Book Six Chapter One
The RMS Queen Mary
The Ship Home
Chapter 1
September 7
1946
Their War Ended, And Our War Began
September in Liverpool, England, not quite winter, but a chill is in the air, it's drizzling, and a westerly wind is coming off the Irish Sea. The temperature is a cool 52. Low clouds block the sun. The air smelled of coal, salt, and diesel fuel.
Thousands waited patiently in line on the gangway for the 14-day trip home. Their uniforms were soaked and heavy from the rain.
Colored with colored, whites with whites.
There was no idle chatter. Each man seemed to be reliving horrific events, either committed or witnessed. Some were silently crying, the tears giving them away. Many prayed.
The Queen Mary carried 15,000 troops and was the largest and fastest troopship in World War II. Taller than 15-story buildings and over a thousand feet long. It was a floating city.
Ben, Caldwell, and Boyd were reminded of what they risked their lives for after two white MPs dressed in heavy coats and shivering from the cold, wet air directed colored soldiers. Pointing and smiling, “You boys take these stairs all the way down to the bottom colored sections.” Their heavy southern drawls are unmistakable.
There were four stairs; two up to the upper decks for officers and two down to the lower deck for enlisted. Each is marked, colored or white.
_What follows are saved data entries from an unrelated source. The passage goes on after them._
(* Let $D$ and $H$ be finite sets of doctors and hospitals with $|D|\ge 2$, $|H|\ge 2$, and let $P$ be a profile with common preferences. For positive integers $l,k$, the homogeneous arrangement $(l,k)$ is adequate at $P$ if and only if $l=k$ or $l,k\ge\min\{|D|,|H|\}$.
   Context: Each $h\in H$ has a strict preference $P_h$ over $D\cup\{h\}$ and each $d\in D$ a strict preference $P_d$ over $H\cup\{d\}$ (ranking below oneself means unacceptable). $P$ has common preferences if all doctors rank the hospitals identically, all hospitals rank the doctors identically, every hospital is acceptable to every doctor and every doctor is acceptable to every hospital. A matching is $\mu:H\cup D\to H\cup D$ with $\mu(h)\in D\cup\{h\}$, $\mu(d)\in H\cup\{d\}$, $\mu(d)=h$ iff $\mu(h)=d$; it is stable if no pair $(d,h)$ has $h\mathrel{P_d}\mu(d)$ and $d\mathrel{P_h}\mu(h)$. An interview arrangement $(\iota,\kappa)$ gives each hospital an interview capacity $\iota_h\in\mathbb N$ and each doctor $\kappa_d\in\mathbb N$; the homogeneous arrangement $(l,k)$ has $\iota_h=l$ for all $h$ and $\kappa_d=k$ for all $d$. An interview matching is a many-to-many matching $\nu$ ($\nu(d)\subseteq H$, $\nu(h)\subseteq D$, $h\in\nu(d)$ iff $d\in\nu(h)$) respecting the capacities. The $(\iota,\kappa)$-matching at $P$: Step 1, $\nu$ is the hospital-optimal pairwise stable interview matching, computed by hospital-proposing deferred acceptance where each agent chooses from a set of proposals its acceptable partners if at most capacity many, else its capacity-many best; Step 2, the final matching is the outcome of doctor-proposing deferred acceptance with each agent $i$'s preference restricted to $\nu(i)$ (only interviewed, acceptable agents are acceptable, ranked by $P_i$). The arrangement is adequate at $P$ if the resulting matching is stable with respect to $P$. *)

theory Defs
  imports Main
begin

text \<open>The strict preference of an agent a over the other side
together with a itself is represented by the list of a's acceptable partners,
best first (partners ranked below a itself are exactly those not in the list;
their mutual order is irrelevant for everything below).  Being unmatched is
represented by None.\<close>

definition ranks_above :: "'a list \<Rightarrow> 'a \<Rightarrow> 'a \<Rightarrow> bool" where
  "ranks_above xs a b \<longleftrightarrow> (\<exists>i j. i < j \<and> j < length xs \<and> xs ! i = a \<and> xs ! j = b)"

definition prefers :: "'a list \<Rightarrow> 'a option \<Rightarrow> 'a option \<Rightarrow> bool" where
  "prefers xs x y = (case x of None \<Rightarrow> False
     | Some a \<Rightarrow> a \<in> set xs \<and> (case y of None \<Rightarrow> True
                               | Some b \<Rightarrow> b \<notin> set xs \<or> ranks_above xs a b))"

definition common_prefs ::
  "'d set \<Rightarrow> 'h set \<Rightarrow> ('d \<Rightarrow> 'h list) \<Rightarrow> ('h \<Rightarrow> 'd list) \<Rightarrow> bool" where
  "common_prefs D H prefD prefH \<longleftrightarrow>
     (\<exists>ld lh. distinct ld \<and> set ld = D \<and> distinct lh \<and> set lh = H \<and>
        (\<forall>h\<in>H. prefH h = ld) \<and> (\<forall>d\<in>D. prefD d = lh))"

definition choose_best :: "'a list \<Rightarrow> nat \<Rightarrow> 'a set \<Rightarrow> 'a set" where
  "choose_best xs n S = set (take n (filter (\<lambda>x. x \<in> S) xs))"

text \<open>Many-to-many deferred acceptance, proposers 'p, receivers 'r.
The state is the set of (proposer, receiver) pairs in which the receiver has
rejected the proposer so far.\<close>
definition da_proposals ::
  "('p \<Rightarrow> 'r list) \<Rightarrow> ('p \<Rightarrow> nat) \<Rightarrow> ('p \<times> 'r) set \<Rightarrow> 'p \<Rightarrow> 'r set" where
  "da_proposals pp cp Rej p = choose_best (pp p) (cp p) {r. (p, r) \<notin> Rej}"

definition da_held ::
  "'p set \<Rightarrow> ('p \<Rightarrow> 'r list) \<Rightarrow> ('r \<Rightarrow> 'p list) \<Rightarrow> ('p \<Rightarrow> nat) \<Rightarrow> ('r \<Rightarrow> nat)
     \<Rightarrow> ('p \<times> 'r) set \<Rightarrow> 'r \<Rightarrow> 'p set" where
  "da_held P pp pr cp cr Rej r =
     choose_best (pr r) (cr r) {p \<in> P. r \<in> da_proposals pp cp Rej p}"

definition da_step ::
  "'p set \<Rightarrow> ('p \<Rightarrow> 'r list) \<Rightarrow> ('r \<Rightarrow> 'p list) \<Rightarrow> ('p \<Rightarrow> nat) \<Rightarrow> ('r \<Rightarrow> nat)
     \<Rightarrow> ('p \<times> 'r) set \<Rightarrow> ('p \<times> 'r) set" where
  "da_step P pp pr cp cr Rej = Rej \<union>
     {(p, r). p \<in> P \<and> r \<in> da_proposals pp cp Rej p \<and> p \<notin> da_held P pp pr cp cr Rej r}"

text \<open>Every non-final round adds a new rejected pair (p, r) with r in set (pp p), so
after (sum of list lengths) rounds the procedure has reached its fixpoint.\<close>
definition da_final_rej ::
  "'p set \<Rightarrow> ('p \<Rightarrow> 'r list) \<Rightarrow> ('r \<Rightarrow> 'p list) \<Rightarrow> ('p \<Rightarrow> nat) \<Rightarrow> ('r \<Rightarrow> nat)
     \<Rightarrow> ('p \<times> 'r) set" where
  "da_final_rej P pp pr cp cr =
     (da_step P pp pr cp cr ^^ (\<Sum>p\<in>P. length (pp p))) {}"

definition deferred_acceptance ::
  "'p set \<Rightarrow> ('p \<Rightarrow> 'r list) \<Rightarrow> ('r \<Rightarrow> 'p list) \<Rightarrow> ('p \<Rightarrow> nat) \<Rightarrow> ('r \<Rightarrow> nat)
     \<Rightarrow> ('p \<times> 'r) set" where
  "deferred_acceptance P pp pr cp cr =
     (let Rej = da_final_rej P pp pr cp cr in
       {(p, r). p \<in> P \<and> r \<in> da_proposals pp cp Rej p \<and> p \<in> da_held P pp pr cp cr Rej r})"

definition interview_matching ::
  "'d set \<Rightarrow> 'h set \<Rightarrow> ('d \<Rightarrow> 'h list) \<Rightarrow> ('h \<Rightarrow> 'd list) \<Rightarrow> ('h \<Rightarrow> nat) \<Rightarrow> ('d \<Rightarrow> nat)
     \<Rightarrow> ('h \<times> 'd) set" where
  "interview_matching D H prefD prefH iota kappa =
     deferred_acceptance H prefH prefD iota kappa"

definition ik_matching ::
  "'d set \<Rightarrow> 'h set \<Rightarrow> ('d \<Rightarrow> 'h list) \<Rightarrow> ('h \<Rightarrow> 'd list) \<Rightarrow> ('h \<Rightarrow> nat) \<Rightarrow> ('d \<Rightarrow> nat)
     \<Rightarrow> ('d \<times> 'h) set" where
  "ik_matching D H prefD prefH iota kappa =
     (let \<nu> = interview_matching D H prefD prefH iota kappa in
       deferred_acceptance D
         (\<lambda>d. filter (\<lambda>h. (h, d) \<in> \<nu>) (prefD d))
         (\<lambda>h. filter (\<lambda>d. (h, d) \<in> \<nu>) (prefH h))
         (\<lambda>_. 1) (\<lambda>_. 1))"

definition partner_of_d :: "('d \<times> 'h) set \<Rightarrow> 'd \<Rightarrow> 'h option" where
  "partner_of_d M d = (if \<exists>h. (d, h) \<in> M then Some (SOME h. (d, h) \<in> M) else None)"

definition partner_of_h :: "('d \<times> 'h) set \<Rightarrow> 'h \<Rightarrow> 'd option" where
  "partner_of_h M h = (if \<exists>d. (d, h) \<in> M then Some (SOME d. (d, h) \<in> M) else None)"

definition stable ::
  "'d set \<Rightarrow> 'h set \<Rightarrow> ('d \<Rightarrow> 'h list) \<Rightarrow> ('h \<Rightarrow> 'd list) \<Rightarrow> ('d \<times> 'h) set \<Rightarrow> bool" where
  "stable D H prefD prefH M \<longleftrightarrow>
     (\<forall>d\<in>D. \<forall>h\<in>H. \<not> (prefers (prefD d) (Some h) (partner_of_d M d) \<and>
                       prefers (prefH h) (Some d) (partner_of_h M h)))"

definition adequate ::
  "'d set \<Rightarrow> 'h set \<Rightarrow> ('d \<Rightarrow> 'h list) \<Rightarrow> ('h \<Rightarrow> 'd list) \<Rightarrow> ('h \<Rightarrow> nat) \<Rightarrow> ('d \<Rightarrow> nat) \<Rightarrow> bool" where
  "adequate D H prefD prefH iota kappa \<longleftrightarrow>
     stable D H prefD prefH (ik_matching D H prefD prefH iota kappa)"

end

theory Submission
  imports Defs
begin

text \<open>Under common preferences both steps of the (l,k)-procedure can be computed in terms of ranks.
  Cut the ranking of the doctors into consecutive blocks of l and that of the hospitals into blocks
  of k. Hospital-proposing deferred acceptance lets the b-th block of hospitals interview exactly
  the b-th block of doctors, and the second step matches assortatively inside each block, so the
  doctor of rank i gets the hospital of rank j iff i div l = j div k and i mod l = j mod k.
  If l = k, or both are at least min |D| |H|, the top min |D| |H| ranks on both sides are matched to
  each other, which is the stable matching. Otherwise, say l < k and l < min |D| |H|: the doctor of
  rank l gets the hospital of rank k while the hospital of rank l stays unmatched, so the two form
  a blocking pair.\<close>

definition rank :: "'a list \<Rightarrow> 'a \<Rightarrow> nat" where
  "rank xs x = length (takeWhile (\<lambda>y. y \<noteq> x) xs)"

lemma rank_Nil [simp]: "rank [] x = 0"
  by (simp add: rank_def)

lemma rank_Cons [simp]: "rank (y # ys) x = (if x = y then 0 else Suc (rank ys x))"
  by (simp add: rank_def)

lemma rank_less_length: "x \<in> set xs \<Longrightarrow> rank xs x < length xs"
  by (induction xs) auto

lemma nth_rank: "x \<in> set xs \<Longrightarrow> xs ! rank xs x = x"
  by (induction xs) auto

lemma rank_nth: "distinct xs \<Longrightarrow> i < length xs \<Longrightarrow> rank xs (xs ! i) = i"
  by (metis nth_eq_iff_index_eq nth_mem nth_rank rank_less_length)

lemma ranks_above_iff_rank_less:
  assumes "distinct xs" "a \<in> set xs" "b \<in> set xs"
  shows "ranks_above xs a b \<longleftrightarrow> rank xs a < rank xs b"
proof
  assume "ranks_above xs a b"
  then obtain i j where "i < j" "j < length xs" "xs ! i = a" "xs ! j = b"
    by (auto simp: ranks_above_def)
  then show "rank xs a < rank xs b"
    using rank_nth[OF assms(1)] by auto
next
  assume "rank xs a < rank xs b"
  then show "ranks_above xs a b"
    unfolding ranks_above_def
    using assms(2,3) by (intro exI[of _ "rank xs a"] exI[of _ "rank xs b"])
      (simp add: nth_rank rank_less_length)
qed

lemma filter_rank_eq_nths:
  "distinct xs \<Longrightarrow> filter (\<lambda>x. Q (rank xs x)) xs = nths xs {i. Q i}"
proof -
  assume "distinct xs"
  then have "filter (\<lambda>x. Q (rank xs x)) xs = nths xs ({i. Q i} \<inter> {..<length xs})"
    by (simp add: filter_eq_nths rank_nth Int_def conj_commute cong: conj_cong)
  also have "\<dots> = nths xs {i. Q i}"
    unfolding nths_def by (intro arg_cong[where f = "map fst"] filter_cong) (auto simp: set_zip)
  finally show ?thesis .
qed

lemma take_drop_eq_nths: "take m (drop a xs) = nths xs {a..<a + m}"
  by (simp add: nths_drop lessThan_atLeast0 add.commute flip: nths_upt_eq_take)

lemma set_nths_rank: "distinct xs \<Longrightarrow> set (nths xs I) = {x \<in> set xs. rank xs x \<in> I}"
  by (auto simp: set_nths rank_nth in_set_conv_nth)

lemma rank_drop: "a \<le> rank xs y \<Longrightarrow> rank (drop a xs) y = rank xs y - a"
  by (induction xs arbitrary: a) (auto simp: drop_Cons split: nat.split if_splits)

lemma rank_take: "rank xs y < m \<Longrightarrow> rank (take m xs) y = rank xs y"
  by (induction xs arbitrary: m) (auto simp: take_Cons split: nat.split if_splits)

lemma div_eq_iff_mult_le_less:
  fixes x c q :: nat
  assumes "0 < c"
  shows "x div c = q \<longleftrightarrow> c * q \<le> x \<and> x < c * q + c"
  using assms by (metis add.commute div_nat_eqI div_times_less_eq_dividend
    dividend_less_times_div mult.commute mult_Suc_right)

lemma filter_rank_div_ge:
  "distinct xs \<Longrightarrow> 0 < c \<Longrightarrow> filter (\<lambda>x. q \<le> rank xs x div c) xs = drop (c * q) xs"
  by (simp add: filter_rank_eq_nths drop_eq_nths less_eq_div_iff_mult_less_eq mult.commute)

lemma filter_rank_div_eq:
  "distinct xs \<Longrightarrow> 0 < c \<Longrightarrow> filter (\<lambda>x. rank xs x div c = q) xs = take c (drop (c * q) xs)"
proof -
  assume "distinct xs" "0 < c"
  then have "{i. i div c = q} = {c * q..<c * q + c}"
    by (auto simp: div_eq_iff_mult_le_less)
  with \<open>distinct xs\<close> show ?thesis
    by (simp add: filter_rank_eq_nths[of xs "\<lambda>i. i div c = q"] take_drop_eq_nths)
qed

lemma set_take_drop_eq_rank_div:
  "distinct xs \<Longrightarrow> 0 < c \<Longrightarrow> set (take c (drop (c * q) xs)) = {x \<in> set xs. rank xs x div c = q}"
  by (auto simp: take_drop_eq_nths set_nths_rank div_eq_iff_mult_le_less)

lemma rank_filter_div_eq:
  assumes "distinct xs" "y \<in> set xs" "0 < c"
  shows "rank (filter (\<lambda>x. rank xs x div c = rank xs y div c) xs) y = rank xs y mod c"
proof -
  define q where "q = rank xs y div c"
  have "c * q \<le> rank xs y" "rank xs y < c * q + c"
    using div_eq_iff_mult_le_less[OF assms(3)] q_def by blast+
  then have "rank (take c (drop (c * q) xs)) y = rank xs y - c * q"
    by (simp add: rank_take rank_drop)
  also have "\<dots> = rank xs y mod c"
    by (simp add: q_def minus_mult_div_eq_mod)
  finally show ?thesis
    by (simp add: filter_rank_div_eq assms(1,3) flip: q_def)
qed

lemma set_take_filter_rank_div_ge:
  "distinct xs \<Longrightarrow> 0 < c \<Longrightarrow>
    set (take c (filter (\<lambda>x. q \<le> rank xs x div c) xs)) = {x \<in> set xs. rank xs x div c = q}"
  by (simp add: filter_rank_div_ge set_take_drop_eq_rank_div)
Although the Queen Mary was a British ship, once it was placed under U.S. War Department control for troop transport, the U.S. military’s segregation policies applied.
The converted luxury liner accommodates officers in the upper decks and enlisted men in the mass bunks on the lower decks.
U.S. Army nurses, Red Cross staff, or Women’s Army Corps were also quartered on the upper deck and separated by race.
MPs made sure women were kept separate from the more than 15,000 men on board the ship.
Negro officers and enlisted men were required by law to be segregated from whites. For Negros, Officer quarters were better than the enlisted quarters but not equal to white officers.
Negro officers ate at the same time as white officers but in a much smaller room.
The officers’ lounge is reserved for white officers.
White MPs patrolled the passageways to ensure Jim Crow segregation laws were enforced.
Passageways were narrow; two men couldn’t pass at the same time.
The lower deck and bunkroom passageways were 2-3 feet wide, narrow enough for shoulders to brush when two men passed.
The passageways could easily spark a riot.